**Exercise:** Copy, from the entries below, each line in which the string "fixes" appears.

Saved data entries
lemma region_not_outside: "w \<in> poly_region vs \<Longrightarrow> w \<notin> outside Bd"
  unfolding poly_region_def poly_interior_def Bd_def
  using inside_Int_outside outside_no_overlap by blast

lemma near_edge_height_nonpos:
  assumes "w \<in> poly_region vs" "z \<in> edge_seg vs k" "dist w z < \<delta>"
  shows "height w \<le> 0"
proof (rule ccontr)
  assume "\<not> height w \<le> 0"
  with assms(2) close_in_frame[OF assms(3)] have "w \<in> frame_box (- \<rho>) (1 + \<rho>) 0 \<rho>"
    by (auto simp: frame_box_def edge_seg_coords abs_less_iff)
  then show False
    using above_strip_outside region_not_outside[OF assms(1)] by blast
qed

lemma near_A_along_nonneg:
  assumes "w \<in> poly_region vs" "dist w A < \<delta>"
  shows "0 \<le> along w"
proof (rule ccontr)
  assume "\<not> 0 \<le> along w"
  with close_in_frame[OF assms(2)] have "w \<in> frame_box (- \<rho>) 0 (- \<rho>) \<rho>"
    by (auto simp: frame_box_def abs_less_iff)
  then show False
    using left_of_edge_outside region_not_outside[OF assms(1)] by blast
qed

lemma near_B_along_le_one:
  assumes "w \<in> poly_region vs" "dist w B < \<delta>"
  shows "along w \<le> 1"
proof (rule ccontr)
  assume "\<not> along w \<le> 1"
  with close_in_frame[OF assms(2)] have "w \<in> frame_box 1 (1 + \<rho>) (- \<rho>) \<rho>"
    by (auto simp: frame_box_def abs_less_iff)
  then show False
    using right_of_edge_outside region_not_outside[OF assms(1)] by blast
qed

end
lemma connected_in_halfplane_if_isolated:
  fixes K Q :: "(real \<times> real) set"
  assumes K: "connected K" "q \<in> K" "K \<subseteq> Q" and KL: "connected (K \<inter> {w. (w - q) \<bullet> m = 0})"
    and iso: "r > 0" "\<forall>w\<in>Q. w \<noteq> q \<and> dist w q < r \<longrightarrow> (w - q) \<bullet> m < 0"
  shows "\<forall>w\<in>K. (w - q) \<bullet> m \<le> 0"
proof (rule connected_nonpos_if_nonpos_near_zeros[OF _ K(1,2) singletonI])
  show "continuous_on UNIV (\<lambda>w. (w - q) \<bullet> m)"
    by (intro continuous_intros)
  have "K \<inter> {w. (w - q) \<bullet> m = 0} = {q}"
    using K iso by (intro connected_isolated_point[OF KL]) (auto simp: not_le[symmetric])
  then show "\<forall>w\<in>K. (w - q) \<bullet> m = 0 \<longrightarrow> w \<in> {q}"
    by blast
  show "\<forall>z\<in>{q}. \<forall>w\<in>K. dist w z < r \<longrightarrow> (w - q) \<bullet> m \<le> 0"
  proof (intro ballI impI)
    fix z w assume "z \<in> {q}" "w \<in> K" "dist w z < r"
    then show "(w - q) \<bullet> m \<le> 0"
      using K(3) iso(2) by (cases "w = q") (auto intro: less_imp_le)
  qed
qed (use iso in simp)

lemma path_first_zero:
  fixes g :: "real \<Rightarrow> 'a::metric_space" and f :: "'a \<Rightarrow> real"
  assumes "path g" "continuous_on UNIV f" "0 < f (pathstart g)" "f (pathfinish g) \<le> 0"
  obtains \<tau> where "0 < \<tau>" "\<tau> \<le> 1" "f (g \<tau>) = 0" "\<And>s. 0 \<le> s \<Longrightarrow> s < \<tau> \<Longrightarrow> 0 < f (g s)"
proof -
  define S where "S = {w. 0 < f w}"
  have "open S"
    unfolding S_def using open_Collect_less[of "\<lambda>_. 0" f] assms(2) by simp
  then have int: "interior S = S"
    by (rule interior_open)
  have "closure S \<subseteq> {w. 0 \<le> f w}"
    unfolding S_def using assms(2) by (intro closure_minimal closed_Collect_le) auto
  moreover obtain \<tau> where \<tau>: "0 \<le> \<tau>" "\<tau> \<le> 1" "\<And>x. 0 \<le> x \<and> x < \<tau> \<Longrightarrow> g x \<in> interior S"
    "g \<tau> \<notin> interior S" "\<tau> = 0 \<or> g \<tau> \<in> closure S"
    using subpath_to_frontier_explicit[OF assms(1), of S] assms(4) by (auto simp: S_def)
  moreover have "\<tau> \<noteq> 0"
    using \<tau>(4) assms(3) int by (auto simp: S_def pathstart_def)
  ultimately show thesis
    using int by (intro that[of \<tau>]) (auto simp: S_def)
qed

text \<open>Each open quadrant contains exactly one of the four candidate normals.\<close>
lemma line_at_diagonal_normal:
  assumes "m \<in> {(- sin \<theta>, cos \<theta>), (sin \<theta>, - cos \<theta>), (- cos \<theta>, - sin \<theta>), (cos \<theta>, sin \<theta>)}"
  shows "\<exists>\<beta>. (\<beta> = \<theta> \<or> \<beta> = \<theta> + pi / 2) \<and> (\<forall>c. line_at \<beta> c = {w. (w - c) \<bullet> m = 0})"
proof -
  have "(w - c) \<bullet> (sin \<beta>, - cos \<beta>) = - ((w - c) \<bullet> (- sin \<beta>, cos \<beta>))"
    for w c :: "real \<times> real" and \<beta>
    by (simp add: inner_prod_def)
  then have "(w - c) \<bullet> (sin \<beta>, - cos \<beta>) = 0 \<longleftrightarrow> (w - c) \<bullet> (- sin \<beta>, cos \<beta>) = 0"
    for w c :: "real \<times> real" and \<beta>
    by simp
  moreover have "\<exists>\<beta>. (\<beta> = \<theta> \<or> \<beta> = \<theta> + pi / 2) \<and> (m = (- sin \<beta>, cos \<beta>) \<or> m = (sin \<beta>, - cos \<beta>))"
    using assms by (auto simp: sin_add cos_add intro: exI[of _ \<theta>] exI[of _ "\<theta> + pi / 2"])
  ultimately show ?thesis
    by (auto simp: line_at_eq_hyperplane)
qed

lemma line_direction_normal:
  assumes "0 < \<theta>" "\<theta> < pi / 2" "u \<bullet> dvec D = 0" "u \<noteq> 0"
  shows "\<exists>\<beta> m. (\<beta> = \<theta> \<or> \<beta> = \<theta> + pi / 2) \<and> (\<forall>c. line_at \<beta> c = {w. (w - c) \<bullet> m = 0}) \<and>
           m \<bullet> u < 0 \<and> 0 < m \<bullet> dvec D"
proof -
  have sc: "0 < sin \<theta>" "0 < cos \<theta>"
    using assms(1,2) by (auto intro!: sin_gt_zero cos_gt_zero)
  obtain u1 u2 where u: "u = (u1, u2)"
    by fastforce
  have "\<exists>m \<in> {(- sin \<theta>, cos \<theta>), (sin \<theta>, - cos \<theta>), (- cos \<theta>, - sin \<theta>), (cos \<theta>, sin \<theta>)}.
          m \<bullet> u < 0 \<and> 0 < m \<bullet> dvec D"
  proof (cases D)
    case N
    then have "u2 = 0" "u1 < 0 \<or> 0 < u1"
      using assms(3,4) u by (auto simp: zero_prod_def)
    then show ?thesis
      using N u sc by (intro bexI[of _ "if 0 < u1 then (- sin \<theta>, cos \<theta>) else (cos \<theta>, sin \<theta>)"])
        (auto simp: mult_pos_pos mult_pos_neg mult_neg_pos)
  next
    case S
    then have "u2 = 0" "u1 < 0 \<or> 0 < u1"
      using assms(3,4) u by (auto simp: zero_prod_def)
    then show ?thesis
      using S u sc by (intro bexI[of _ "if 0 < u1 then (- cos \<theta>, - sin \<theta>) else (sin \<theta>, - cos \<theta>)"])
        (auto simp: mult_pos_pos mult_pos_neg mult_neg_pos)
  next
    case E
    then have "u1 = 0" "u2 < 0 \<or> 0 < u2"
      using assms(3,4) u by (auto simp: zero_prod_def)
    then show ?thesis
      using E u sc by (intro bexI[of _ "if 0 < u2 then (sin \<theta>, - cos \<theta>) else (cos \<theta>, sin \<theta>)"])
        (auto simp: mult_pos_pos mult_pos_neg mult_neg_pos)
  next
    case W
    then have "u1 = 0" "u2 < 0 \<or> 0 < u2"
      using assms(3,4) u by (auto simp: zero_prod_def)
    then show ?thesis
      using W u sc by (intro bexI[of _ "if 0 < u2 then (- cos \<theta>, - sin \<theta>) else (- sin \<theta>, cos \<theta>)"])
        (auto simp: mult_pos_pos mult_pos_neg mult_neg_pos)
  qed
  then show ?thesis
    using line_at_diagonal_normal by blast
qed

**Exercise answer:**
  fixes K Q :: "(real \<times> real) set"
  fixes g :: "real \<Rightarrow> 'a::metric_space" and f :: "'a \<Rightarrow> real"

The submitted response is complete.